Whether dietary non-fiber carbohydrate (NFC), a rapid fermentable substance, affects immune homeostasis of rumen through the modulation of interactions of ruminal microbiota and epithelial toll-like receptors (TLRs) remains unclear. A combination of 16S rRNA amplicon sequencing and quantitative PCRs was applied to study the synergetic responses of ruminal microbiota and epithelial TLRs to the dietary NFC switch from 15 to 31% in the goat model. The results showed that the 31% NFC diet caused the radical increases on the richness and diversity of rumen microbiota. The phylum Verrucomicrobia was most significantly expanded, whereas opportunistic pathogens, namely Rikenella, Anaeroplasma, and Olsenella, were significantly decreased.

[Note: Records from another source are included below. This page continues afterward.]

lemma Phi_of_boundary_swap:
  assumes "distinct a" "set a \<subseteq> {..<r}" "Suc k < length a"
  shows "Phi_of_boundary r (permute_list (transpose k (Suc k)) a) j = - Phi_of_boundary r a j"
proof -
  let ?t = "transpose k (Suc k)"
  define f where "f i = (-1::rat) ^ i * Phi r (remove_nth i a) j" for i
  have t: "?t permutes {..<length a}" using assms by (intro permutes_swap_id) auto
  have Phi_swap: "Phi r (permute_list (transpose l (Suc l)) (remove_nth i a)) j = - Phi r (remove_nth i a) j"
    if "Suc l < length a - 1" "i < length a" for i l
  proof -
    have "transpose l (Suc l) permutes {..<length (remove_nth i a)}"
      using that by (intro permutes_swap_id) (auto simp: length_remove_nth)
    moreover have "set (remove_nth i a) \<subseteq> {..<r}" using set_remove_nth assms(2) by (rule subset_trans)
    ultimately show ?thesis
      using Phi_permute_list[OF distinct_remove_nth[OF assms(1)]] by (simp add: sign_swap_id)
  qed
  have "(-1) ^ i * Phi r (remove_nth i (permute_list ?t a)) j = - f (?t i)" if "i < length a" for i
  proof -
    consider "i < k" | "i = k" | "i = Suc k" | "Suc k < i" by linarith
    then show ?thesis
    proof cases
      case 1
      then show ?thesis
        using Phi_swap[of "k - 1" i] assms(3) remove_nth_swap_less[OF 1 assms(3)] by (simp add: f_def)
    next
      case 2
      then show ?thesis using remove_nth_swap_left[OF assms(3)] by (simp add: f_def)
    next
      case 3
      then show ?thesis using remove_nth_swap_right[OF assms(3)] by (simp add: f_def)
    next
      case 4
      then show ?thesis
        using Phi_swap[of k i] that remove_nth_swap_greater[OF 4 that] by (simp add: f_def)
    qed
  qed
  then have "Phi_of_boundary r (permute_list ?t a) j = - (\<Sum>i<length a. f (?t i))"
    unfolding Phi_of_boundary_eq by (simp add: sum_negf)
  also have "(\<Sum>i<length a. f (?t i)) = (\<Sum>i<length a. f i)"
    using sum.permute[OF t, of f] by simp
  finally show ?thesis unfolding Phi_of_boundary_eq f_def .
qed
lemma bdW_uminus: "bdW r q (\<lambda>j. - x j) j = - bdW r q x j"
  unfolding bdW_def by (simp add: sum_negf)

lemma chain_map_swap:
  assumes "distinct a" "set a \<subseteq> {..<r}" "Suc k < length a"
    and "Phi_of_boundary r (permute_list (transpose k (Suc k)) a)
       = bdW r (length a) (Phi r (permute_list (transpose k (Suc k)) a))"
  shows "Phi_of_boundary r a = bdW r (length a) (Phi r a)"
proof
  fix j
  have "transpose k (Suc k) permutes {..<length a}" using assms by (intro permutes_swap_id) auto
  then have "Phi r (permute_list (transpose k (Suc k)) a) = (\<lambda>j. - Phi r a j)"
    using Phi_permute_list[OF assms(1,2)] by (simp add: sign_swap_id fun_eq_iff)
  then have "bdW r (length a) (Phi r (permute_list (transpose k (Suc k)) a)) j = - bdW r (length a) (Phi r a) j"
    by (simp add: bdW_uminus)
  then show "Phi_of_boundary r a j = bdW r (length a) (Phi r a) j"
    using assms(4) Phi_of_boundary_swap[OF assms(1-3), of j] by (metis neg_equal_iff_equal)
qed

definition index_weight :: "nat list \<Rightarrow> nat" where
  "index_weight a = (\<Sum>i<length a. i * a ! i)"

lemma index_weight_le:
  assumes "set a \<subseteq> {..<r}"
  shows "index_weight a \<le> length a * length a * r"
proof -
  have "i * a ! i \<le> length a * r" if "i < length a" for i
  proof -
    have "a ! i < r" using assms nth_mem[OF that] by auto
    then show ?thesis using that by (intro mult_le_mono) auto
  qed
  then have "index_weight a \<le> (\<Sum>i<length a. length a * r)"
    unfolding index_weight_def by (intro sum_mono) simp
  then show ?thesis by simp
qed

lemma index_weight_swap:
  assumes "Suc k < length a"
  shows "index_weight (permute_list (transpose k (Suc k)) a) + a ! Suc k = index_weight a + a ! k"
proof -
  let ?t = "transpose k (Suc k)"
  have t: "?t permutes {..<length a}" using assms by (intro permutes_swap_id) auto
  have "index_weight (permute_list ?t a) = (\<Sum>i<length a. i * a ! ?t i)"
    unfolding index_weight_def by (intro sum.cong) (auto simp: permute_list_nth[OF t])
  also have "\<dots> = (\<Sum>i<length a. ?t i * a ! i)"
    using sum.permute[OF t, of "\<lambda>i. i * a ! ?t i"] by simp
  finally have "index_weight (permute_list ?t a) = (\<Sum>i<length a. ?t i * a ! i)" .
  moreover have "(\<Sum>i<length a. ?t i * a ! i + (if i = Suc k then a ! i else 0))
      = (\<Sum>i<length a. i * a ! i + (if i = k then a ! i else 0))"
    by (intro sum.cong) (auto simp: transpose_def)
  ultimately show ?thesis using assms unfolding index_weight_def by (simp add: sum.distrib)
qed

In rumen epithelium, the significantly increased expressions of TLR1, 6, 10 were associated with the significantly decreased expressions of pro-inflammatory cytokines interleukin-1beta (IL-1ß), IL-6, and anti-inflammatory cytokine IL-10. Constrained correlation analysis indicated that the increased abundance of commensal bacteria in Verrucomicrobia subdivision 5 contributed to the upregulation of TLR10 expression. Finally, the significantly increased concentrations of rumen short-chain fatty acids (SCFAs), coupled with the significantly upregulated expressions of epithelial genes related to SCFA absorption were observed in goats fed with 31% NFC diet. Thus, the NFC-induced expansion of rumen microbiota promoted epithelium tolerance by enhancement of the intensity of TLR10 signaling. The newly established equilibrium benefited to the transport of ruminal energy substances into the blood.